▶ **Exercise brief**:
Output everything in the listing exactly.

☆ ☆ ☆ ☆

lemma subgroup_ladder_group: "subgroup (carrier ladder_group) lamplighters"
  unfolding carrier_ladder_group
  by (rule group.generate_is_subgroup[OF group_lamplighters ladder_generators_closed])

lemma ladder_generators_in_ladder_group: "ladder_generators \<subseteq> carrier ladder_group"
  by (auto simp: carrier_ladder_group intro: generate.incl)

lemma lighter_e_Suc: "lighter_e (Suc k) = inv\<^bsub>lamplighters\<^esub> lighter_a \<cdot> lighter_e k \<cdot> lighter_a"
proof
  fix m
  interpret involution_ladder "G m" "a m" "e m"
    by (rule ladder)
  have "lighter_a \<in> carrier lamplighters"
    using ladder_generators_closed by (simp add: ladder_generators_def)
  then show "lighter_e (Suc k) m = (inv\<^bsub>lamplighters\<^esub> lighter_a \<cdot> lighter_e k \<cdot> lighter_a) m"
    by (simp only: mult_lamplighters_apply inv_lamplighters_apply)
      (simp add: lighter_a_def lighter_e_def inv_lamplighter_lighter lamplighter_mult e_Suc_conj
        del: inv_product_group)
qed

lemma lighter_e_in_ladder_group: "lighter_e k \<in> carrier ladder_group"
proof (induction k)
  case 0
  show ?case
    using ladder_generators_in_ladder_group by (simp add: ladder_generators_def)
next
  case (Suc k)
  then show ?case
    using ladder_generators_in_ladder_group unfolding lighter_e_Suc
    by (intro subgroup.m_closed[OF subgroup_ladder_group] subgroup.m_inv_closed[OF subgroup_ladder_group])
      (simp_all add: ladder_generators_def)
qed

☆ ☆ ☆ ☆

▶ **Answer space**:
lemma subgroup_ladder_group: "subgroup (carrier ladder_group) lamplighters"
  unfolding carrier_ladder_group
  by (rule group.generate_is_subgroup[OF group_lamplighters ladder_generators_closed])

lemma ladder_generators_in_ladder_group: "ladder_generators \<subseteq> carrier ladder_group"
  by (auto simp: carrier_ladder_group intro: generate.incl)

lemma lighter_e_Suc: "lighter_e (Suc k) = inv\<^bsub>lamplighters\<^esub> lighter_a \<cdot> lighter_e k \<cdot> lighter_a"
proof
  fix m
  interpret involution_ladder "G m" "a m" "e m"
    by (rule ladder)
  have "lighter_a \<in> carrier lamplighters"
    using ladder_generators_closed by (simp add: ladder_generators_def)
  then show "lighter_e (Suc k) m = (inv\<^bsub>lamplighters\<^esub> lighter_a \<cdot> lighter_e k \<cdot> lighter_a) m"
    by (simp only: mult_lamplighters_apply inv_lamplighters_apply)
      (simp add: lighter_a_def lighter_e_def inv_lamplighter_lighter lamplighter_mult e_Suc_conj
        del: inv_product_group)
qed

lemma lighter_e_in_ladder_group: "lighter_e k \<in> carrier ladder_group"
proof (induction k)
  case 0
  show ?case
    using ladder_generators_in_ladder_group by (simp add: ladder_generators_def)
next
  case (Suc k)
  then show ?case
    using ladder_generators_in_ladder_group unfolding lighter_e_Suc
    by (intro subgroup.m_closed[OF subgroup_ladder_group] subgroup.m_inv_closed[OF subgroup_ladder_group])
      (simp_all add: ladder_generators_def)
qed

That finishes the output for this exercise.